section \<open>Coils as sequences of cycle cells\<close>

text \<open>The points of a coil are identified with their positions 1, ..., N in the coil order;
  \<open>col\<close> and \<open>row\<close> give the cell of a point, \<open>col_before\<close> and \<open>row_before\<close> the orientation
  orders of columns and rows. The last three assumptions are the coil conditions (C2)-(C4);
  the two before them are where unicyclicity of the matrix enters.\<close>

locale abstract_coil =
  fixes N ell :: nat
    and col row :: "nat \<Rightarrow> nat"
    and col_before row_before :: "nat \<Rightarrow> nat \<Rightarrow> bool"
  assumes cycle_len_ge_3: "3 \<le> ell"
    and cycle_len_less: "ell < N"
    and same_cell_iff_mod:
      "a \<in> {1..N} \<Longrightarrow> b \<in> {1..N} \<Longrightarrow> col a = col b \<and> row a = row b \<longleftrightarrow> a mod ell = b mod ell"
    and col_before_same_col: "col_before a b \<Longrightarrow> col a = col b"
    and row_before_same_row: "row_before a b \<Longrightarrow> row a = row b"
    and col_before_trans: "col_before a b \<Longrightarrow> col_before b c \<Longrightarrow> col_before a c"
    and row_before_trans: "row_before a b \<Longrightarrow> row_before b c \<Longrightarrow> row_before a c"
    and col_before_asym: "col_before a b \<Longrightarrow> \<not> col_before b a"
    and row_before_asym: "row_before a b \<Longrightarrow> \<not> row_before b a"
    and col_before_iff_row_before:
      "a \<in> {1..N} \<Longrightarrow> b \<in> {1..N} \<Longrightarrow> col a = col b \<Longrightarrow> row a = row b
       \<Longrightarrow> col_before a b \<longleftrightarrow> row_before a b"
    and col_meets_two_rows:
      "x \<in> {1..N} \<Longrightarrow> y \<in> {1..N} \<Longrightarrow> z \<in> {1..N} \<Longrightarrow> col x = col y \<Longrightarrow> col y = col z
       \<Longrightarrow> row x = row y \<or> row y = row z \<or> row x = row z"
    and row_meets_two_cols:
      "x \<in> {1..N} \<Longrightarrow> y \<in> {1..N} \<Longrightarrow> z \<in> {1..N} \<Longrightarrow> row x = row y \<Longrightarrow> row y = row z
       \<Longrightarrow> col x = col y \<or> col y = col z \<or> col x = col z"
    and step_arrow: "1 \<le> i \<Longrightarrow> i < N \<Longrightarrow> col_before i (Suc i) \<or> row_before i (Suc i)"
    and back_arrow:
      "1 \<le> i \<Longrightarrow> i + ell < N \<Longrightarrow> col_before (Suc (i + ell)) i \<or> row_before (Suc (i + ell)) i"
    and first_arrow: "col_before (Suc ell) 1 \<or> row_before (Suc ell) 1"
begin

definition before :: "nat \<Rightarrow> nat \<Rightarrow> bool" where
  "before a b \<longleftrightarrow> col_before a b \<or> row_before a b"

definition same_cell :: "nat \<Rightarrow> nat \<Rightarrow> bool" where
  "same_cell a b \<longleftrightarrow> col a = col b \<and> row a = row b"

lemma before_Suc: "1 \<le> i \<Longrightarrow> i < N \<Longrightarrow> before i (Suc i)"
  using step_arrow unfolding before_def .

lemma before_back: "1 \<le> i \<Longrightarrow> i + ell < N \<Longrightarrow> before (Suc (i + ell)) i"
  using back_arrow unfolding before_def .

lemma before_first: "before (Suc ell) 1"
  using first_arrow unfolding before_def .

lemma same_cell_iff:
  "a \<in> {1..N} \<Longrightarrow> b \<in> {1..N} \<Longrightarrow> same_cell a b \<longleftrightarrow> a mod ell = b mod ell"
  unfolding same_cell_def by (rule same_cell_iff_mod)

lemma before_same_line: "before a b \<Longrightarrow> col a = col b \<or> row a = row b"
  unfolding before_def using col_before_same_col row_before_same_row by blast

lemma before_in_cell:
  assumes "a \<in> {1..N}" "b \<in> {1..N}" "same_cell a b" "before a b"
  shows "col_before a b \<and> row_before a b"
  using assms col_before_iff_row_before unfolding before_def same_cell_def by blast

lemma before_asym:
  assumes "a \<in> {1..N}" "b \<in> {1..N}" "before a b"
  shows "\<not> before b a"
proof
  assume ba: "before b a"
  show False
  proof (cases "same_cell a b")
    case True
    then have "same_cell b a" unfolding same_cell_def by simp
    then have "col_before a b" "col_before b a"
      using assms ba True before_in_cell by blast+
    then show False using col_before_asym by blast
  next
    case False
    then have "\<not> (col_before a b \<and> row_before b a)" "\<not> (row_before a b \<and> col_before b a)"
      using col_before_same_col row_before_same_row unfolding same_cell_def by metis+
    then show False using assms(3) ba col_before_asym row_before_asym unfolding before_def by blast
  qed
qed

lemma before_trans_same_cell_left:
  assumes "a \<in> {1..N}" "b \<in> {1..N}" "same_cell a b" "before a b" "before b c"
  shows "before a c"
  using assms before_in_cell[of a b] col_before_trans row_before_trans
  unfolding before_def by blast

lemma before_trans_same_cell_right:
  assumes "b \<in> {1..N}" "c \<in> {1..N}" "same_cell b c" "before a b" "before b c"
  shows "before a c"
  using assms before_in_cell[of b c] col_before_trans row_before_trans
  unfolding before_def by blast

lemma before_trans:
  assumes "a \<in> {1..N}" "b \<in> {1..N}" "c \<in> {1..N}" "before a b" "before b c"
    and "same_cell a b \<or> same_cell b c \<or> same_cell a c"
  shows "before a c"
proof -
  from assms(4,5) consider "col_before a b" "col_before b c" | "row_before a b" "row_before b c"
    | "col_before a b \<and> row_before b c \<or> row_before a b \<and> col_before b c"
    unfolding before_def by blast
  then show ?thesis
  proof cases
    case 3
    then have "\<not> same_cell a c \<or> same_cell a b"
      using col_before_same_col row_before_same_row unfolding same_cell_def by metis
    then have "same_cell a b \<or> same_cell b c" using assms(6) by blast
    then show ?thesis
      using before_trans_same_cell_left[OF assms(1,2) _ assms(4,5)]
        before_trans_same_cell_right[OF assms(2,3) _ assms(4,5)] by blast
  qed (use col_before_trans row_before_trans before_def in blast)+
qed

lemma before_add_cycle_len:
  assumes "1 \<le> a" and "a + ell \<le> N"
  shows "before (a + ell) a"
proof (cases "a = 1")
  case True
  then show ?thesis using before_first by simp
next
  case False
  have "before (a + ell) (a - 1)" using before_back[of "a - 1"] assms False by simp
  moreover have "before (a - 1) a" using before_Suc[of "a - 1"] assms False cycle_len_ge_3 by simp
  moreover have "same_cell (a + ell) (a - 1) \<or> same_cell (a - 1) a \<or> same_cell (a + ell) a"
    using same_cell_iff[of "a + ell" a] assms by simp
  moreover have "a + ell \<in> {1..N}" "a - 1 \<in> {1..N}" "a \<in> {1..N}" using assms False by auto
  ultimately show ?thesis using before_trans by blast
qed

lemma before_earlier_copy:
  assumes "1 \<le> a" and "a < b" and "b \<le> N" and "a mod ell = b mod ell"
  shows "before b a"
  using assms
proof (induction b rule: less_induct)
  case (less b)
  have "a + ell \<le> b" using mod_eq_less_imp_add_le less.prems(2,4) .
  then have b_before: "before b (b - ell)"
    using before_add_cycle_len[of "b - ell"] less.prems by simp
  have mod_eq: "(b - ell) mod ell = b mod ell" using \<open>a + ell \<le> b\<close> by (simp add: le_mod_geq)
  show ?case
  proof (cases "b - ell = a")
    case True
    with b_before show ?thesis by simp
  next
    case False
    then have "before (b - ell) a"
      using less.IH[of "b - ell"] less.prems \<open>a + ell \<le> b\<close> mod_eq cycle_len_ge_3 by simp
    moreover have range: "b \<in> {1..N}" "b - ell \<in> {1..N}" "a \<in> {1..N}"
      using less.prems \<open>a + ell \<le> b\<close> by auto
    moreover have "same_cell b (b - ell)" using same_cell_iff[OF range(1,2)] mod_eq by simp
    ultimately show ?thesis using before_trans b_before by blast
  qed
qed

lemma before_to_earlier_copy:
  assumes "a \<in> {1..N}" "b \<le> N" "1 \<le> c" "c \<le> b" "c mod ell = b mod ell" "before a b"
  shows "before a c"
proof (cases "c = b")
  case False
  then have "before b c" using before_earlier_copy assms by simp
  moreover have "same_cell b c" using same_cell_iff assms by simp
  ultimately show ?thesis using before_trans[of a b c] assms by simp
qed (use assms in simp)

lemma before_from_later_copy:
  assumes "1 \<le> b" "b \<le> a" "a \<le> N" "a mod ell = b mod ell" "c \<in> {1..N}" "before b c"
  shows "before a c"
proof (cases "a = b")
  case False
  then have "before a b" using before_earlier_copy assms by simp
  moreover have "same_cell a b" using same_cell_iff assms by simp
  ultimately show ?thesis using before_trans[of a b c] assms by simp
qed (use assms in simp)

lemma before_same_cell_imp_less:
  assumes "a \<in> {1..N}" "b \<in> {1..N}" "before a b" "a mod ell = b mod ell"
  shows "b < a"
proof (rule ccontr)
  assume "\<not> b < a"
  then have "a = b \<or> a < b" by auto
  then have "before b a" using before_earlier_copy assms by auto
  then show False using before_asym assms by blast
qed

lemma col_partner_unique:
  assumes "x \<in> {1..N}" "y \<in> {1..N}" "z \<in> {1..N}" "col x = col y" "col x = col z"
    and "\<not> same_cell x y" "\<not> same_cell x z"
  shows "same_cell y z"
  using col_meets_two_rows[OF assms(1-3)] assms(4-7) unfolding same_cell_def by auto

lemma row_partner_unique:
  assumes "x \<in> {1..N}" "y \<in> {1..N}" "z \<in> {1..N}" "row x = row y" "row x = row z"
    and "\<not> same_cell x y" "\<not> same_cell x z"
  shows "same_cell y z"
  using row_meets_two_cols[OF assms(1-3)] assms(4-7) unfolding same_cell_def by auto

lemma successor_cells_share_line:
  assumes "a \<in> {1..N}" "b \<in> {1..N}" "b mod ell = Suc a mod ell"
  shows "col a = col b \<or> row a = row b"
proof -
  obtain x where x: "x \<in> {1..ell}" "x mod ell = a mod ell"
    using obtain_mod_representative cycle_len_ge_3 by (metis less_le_trans zero_less_numeral)
  have "col x = col (Suc x) \<or> row x = row (Suc x)"
    using before_same_line before_Suc[of x] x cycle_len_less by simp
  moreover have "same_cell a x" using same_cell_iff assms x cycle_len_less by simp
  moreover have "same_cell b (Suc x)"
    using same_cell_iff assms x cycle_len_less Suc_mod_cancel by simp
  ultimately show ?thesis unfolding same_cell_def by auto
qed

text \<open>The cell of \<open>a\<close> shares a line with the cells of its predecessor and its successor, and
  a column or row meets at most two cycle cells, so no third cell can share a line with it.\<close>

lemma line_sharing_cells_consecutive:
  assumes "a \<in> {1..N}" "b \<in> {1..N}" "\<not> same_cell a b" "col a = col b \<or> row a = row b"
  shows "b mod ell = Suc a mod ell \<or> a mod ell = Suc b mod ell"
proof (rule ccontr)
  assume not_consecutive: "\<not> ?thesis"
  have ell_pos: "0 < ell" using cycle_len_ge_3 by simp
  obtain x where x: "x \<in> {1..ell}" "x mod ell = Suc a mod ell"
    using obtain_mod_representative ell_pos by blast
  obtain z where z: "z \<in> {1..ell}" "z mod ell = (a + (ell - 1)) mod ell"
    using obtain_mod_representative ell_pos by blast
  have "Suc z mod ell = Suc (a + (ell - 1)) mod ell" using z(2) Suc_mod_cancel by blast
  then have Suc_z: "Suc z mod ell = a mod ell" using ell_pos by simp
  have range: "x \<in> {1..N}" "z \<in> {1..N}" using x z cycle_len_less by auto
  have lines: "col a = col x \<or> row a = row x" "col a = col z \<or> row a = row z"
    using successor_cells_share_line[OF assms(1) range(1)] x(2)
      successor_cells_share_line[OF range(2) assms(1)] Suc_z by auto
  have neq: "Suc a mod ell \<noteq> a mod ell" "Suc z mod ell \<noteq> z mod ell"
    "Suc (Suc z) mod ell \<noteq> z mod ell"
    using mod_add_neq_self[of 1 ell] mod_add_neq_self[of 2 ell] cycle_len_ge_3 by simp_all
  have "Suc a mod ell = Suc (Suc z) mod ell" using Suc_z Suc_mod_cancel by metis
  then have distinct: "\<not> same_cell a x" "\<not> same_cell a z" "\<not> same_cell x z"
    "\<not> same_cell b x" "\<not> same_cell b z"
    using same_cell_iff[OF assms(1) range(1)] same_cell_iff[OF assms(1) range(2)]
      same_cell_iff[OF range] same_cell_iff[OF assms(2) range(1)] same_cell_iff[OF assms(2) range(2)]
      x(2) Suc_z neq not_consecutive Suc_mod_cancel[of b ell z] by auto
  have "same_cell y y'"
    if "y \<in> {1..N}" "y' \<in> {1..N}" "\<not> same_cell a y" "\<not> same_cell a y'"
      "col a = col y \<and> col a = col y' \<or> row a = row y \<and> row a = row y'" for y y'
    using that col_partner_unique[OF assms(1)] row_partner_unique[OF assms(1)] by blast
  then show False using distinct lines assms range by blast
qed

*Task objective*.
Check the listing above for lines containing the string "ultimately", and copy each one.

*Answer space*.
  ultimately show ?thesis using before_trans by blast
    ultimately show ?thesis using before_trans b_before by blast
  ultimately show ?thesis using before_trans[of a b c] assms by simp
  ultimately show ?thesis using before_trans[of a b c] assms by simp
  ultimately show ?thesis unfolding same_cell_def by auto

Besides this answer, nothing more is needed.